» **PROBLEM DETAILS**: The expected answer holds every line from the first line of the data below through the line containing "using r[OF that] by (intro mult_left_mono)", exactly as written, and no other line.

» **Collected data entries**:
lemma bathtub_weighted_cos_sum_le:
  assumes S: "finite S" "S \<subseteq> {c..<c+K}" and K: "0 < K" and q: "0 < q"
    and d: "d = 2 * pi * real q / real K" and b: "0 \<le> b" "b \<le> pi"
    and G: "0 \<le> G" and r: "\<And>n. n \<in> S \<Longrightarrow> 0 \<le> r n \<and> r n \<le> G"
  shows "(\<Sum>n\<in>S. r n * cos (real n * d - \<phi>))
    \<le> G * (real K * (2 * (sin b - b * cos b)) / (2 * pi) + 2 + pi * real q) + cos b * (\<Sum>n\<in>S. r n)"
proof -
  have "r n * cos (real n * d - \<phi>) \<le> G * cos_cap b (real n * d - \<phi>) + cos b * r n" if "n \<in> S" for n
  proof -
    have "r n * (cos (real n * d - \<phi>) - cos b) \<le> r n * cos_cap b (real n * d - \<phi>)"
      using r[OF that] by (intro mult_left_mono) (auto simp: cos_cap_def)
    also have "\<dots> \<le> G * cos_cap b (real n * d - \<phi>)"
      using r[OF that] by (intro mult_right_mono cos_cap_nonneg) auto
    finally show ?thesis by (simp add: algebra_simps)
  qed
  then have "(\<Sum>n\<in>S. r n * cos (real n * d - \<phi>))
      \<le> G * (\<Sum>n\<in>S. cos_cap b (real n * d - \<phi>)) + cos b * (\<Sum>n\<in>S. r n)"
    by (subst sum_distrib_left)+ (auto simp: sum.distrib[symmetric] intro: sum_mono)
  also have "(\<Sum>n\<in>S. cos_cap b (real n * d - \<phi>)) \<le> (\<Sum>n\<in>{c..<c+K}. cos_cap b (real n * d - \<phi>))"
    using S by (intro sum_mono2) (auto intro: cos_cap_nonneg)
  also have "\<dots> = (\<Sum>n<K. cos_cap b ((real c * d - \<phi>) + real n * d))"
    by (subst sum.atLeastLessThan_shift_0) (simp add: lessThan_atLeast0 algebra_simps)
  also have "\<dots> \<le> real K * (2 * (sin b - b * cos b)) / (2 * pi) + 2 + pi * real q"
    by (rule sum_cos_cap_progression_le[OF K q d b])
  finally show ?thesis
    using G by (simp add: mult_left_mono)
qed

section \<open>A cosine inequality and the decrease of sin t / t\<close>

definition dirichlet_kernel :: "nat \<Rightarrow> real \<Rightarrow> real" where
  "dirichlet_kernel h s = (\<Sum>k<h. cos ((real h - 1 - 2 * real k) * s))"

lemma sin_mult_eq_dirichlet_kernel: "sin (real h * s) = sin s * dirichlet_kernel h s"
proof -
  define f where "f k = sin ((real h - 2 * real k) * s)" for k
  have telescope: "2 * sin s * cos ((real h - 1 - 2 * real k) * s) = f k - f (Suc k)" for k
  proof -
    have "2 * sin s * cos ((real h - 1 - 2 * real k) * s)
        = sin (s + (real h - 1 - 2 * real k) * s) + sin (s - (real h - 1 - 2 * real k) * s)"
      using sin_times_cos[of s "(real h - 1 - 2 * real k) * s"] by (simp add: field_simps)
    moreover have "s + (real h - 1 - 2 * real k) * s = (real h - 2 * real k) * s"
      and "s - (real h - 1 - 2 * real k) * s = - ((real h - 2 * real (Suc k)) * s)"
      by (simp_all add: algebra_simps)
    ultimately show ?thesis by (simp add: f_def)
  qed
  have "2 * (sin s * dirichlet_kernel h s) = (\<Sum>k<h. f k - f (Suc k))"
    unfolding dirichlet_kernel_def by (simp add: sum_distrib_left telescope mult.assoc[symmetric])
  also have "\<dots> = f 0 - f h" by (rule sum_lessThan_telescope')
  also have "\<dots> = 2 * sin (real h * s)" by (simp add: f_def algebra_simps)
  finally show ?thesis by simp
qed

lemma dirichlet_kernel_antimono:
  assumes "0 \<le> s" "s \<le> t" "t \<le> pi / real h"
  shows "dirichlet_kernel h t \<le> dirichlet_kernel h s"
  unfolding dirichlet_kernel_def
proof (rule sum_mono)
  fix k assume "k \<in> {..<h}"
  then have m: "\<bar>real h - 1 - 2 * real k\<bar> \<le> real h" by (auto simp: abs_if)
  define m where "m = \<bar>real h - 1 - 2 * real k\<bar>"
  have "m * t \<le> real h * (pi / real h)"
    using assms m by (intro mult_mono) (auto simp: m_def)
  also have "\<dots> \<le> pi" by (cases "h = 0") auto
  finally have "m * t \<le> pi" .
  moreover have "m * s \<le> m * t" using assms by (intro mult_left_mono) (auto simp: m_def)
  ultimately have cos_le: "cos (m * t) \<le> cos (m * s)"
    using assms by (subst cos_mono_le_eq) (auto simp: m_def)
  have cos_abs_factor: "cos (x * y) = cos (\<bar>x\<bar> * y)" for x y :: real
    by (cases "x < 0") auto
  show "cos ((real h - 1 - 2 * real k) * t) \<le> cos ((real h - 1 - 2 * real k) * s)"
    using cos_le unfolding cos_abs_factor[of "real h - 1 - 2 * real k"] m_def .
qed

lemma sin_le_sin_mult:
  assumes h: "1 \<le> h" and s: "0 \<le> s" "s \<le> pi / (2 * real h)"
  shows "sin s \<le> sin (pi / (2 * real h)) * sin (real h * s)"
proof -
  define a where "a = pi / (2 * real h)"
  have a: "0 < a" "a \<le> pi / 2" "s \<le> a" using h s by (auto simp: a_def field_simps)
  have kernel_a: "sin a * dirichlet_kernel h a = 1"
    using h sin_mult_eq_dirichlet_kernel[of h a] by (simp add: a_def)
  have kernel_mono: "dirichlet_kernel h a \<le> dirichlet_kernel h s"
    using s h by (intro dirichlet_kernel_antimono) (auto simp: a_def field_simps)
  have "0 \<le> sin s" "0 < sin a"
    using s(1) a by (auto intro!: sin_ge_zero sin_gt_zero)
  have "sin s = sin a * (sin s * dirichlet_kernel h a)"
    using kernel_a by (simp add: ac_simps)
  also have "\<dots> \<le> sin a * (sin s * dirichlet_kernel h s)"
    using kernel_mono \<open>0 \<le> sin s\<close> \<open>0 < sin a\<close> by (intro mult_left_mono) auto
  also have "\<dots> = sin a * sin (real h * s)"
    by (simp add: sin_mult_eq_dirichlet_kernel)
  finally show ?thesis by (simp add: a_def)
qed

» **COMPLETED EXERCISE**:
lemma bathtub_weighted_cos_sum_le:
  assumes S: "finite S" "S \<subseteq> {c..<c+K}" and K: "0 < K" and q: "0 < q"
    and d: "d = 2 * pi * real q / real K" and b: "0 \<le> b" "b \<le> pi"
    and G: "0 \<le> G" and r: "\<And>n. n \<in> S \<Longrightarrow> 0 \<le> r n \<and> r n \<le> G"
  shows "(\<Sum>n\<in>S. r n * cos (real n * d - \<phi>))
    \<le> G * (real K * (2 * (sin b - b * cos b)) / (2 * pi) + 2 + pi * real q) + cos b * (\<Sum>n\<in>S. r n)"
proof -
  have "r n * cos (real n * d - \<phi>) \<le> G * cos_cap b (real n * d - \<phi>) + cos b * r n" if "n \<in> S" for n
  proof -
    have "r n * (cos (real n * d - \<phi>) - cos b) \<le> r n * cos_cap b (real n * d - \<phi>)"
      using r[OF that] by (intro mult_left_mono) (auto simp: cos_cap_def)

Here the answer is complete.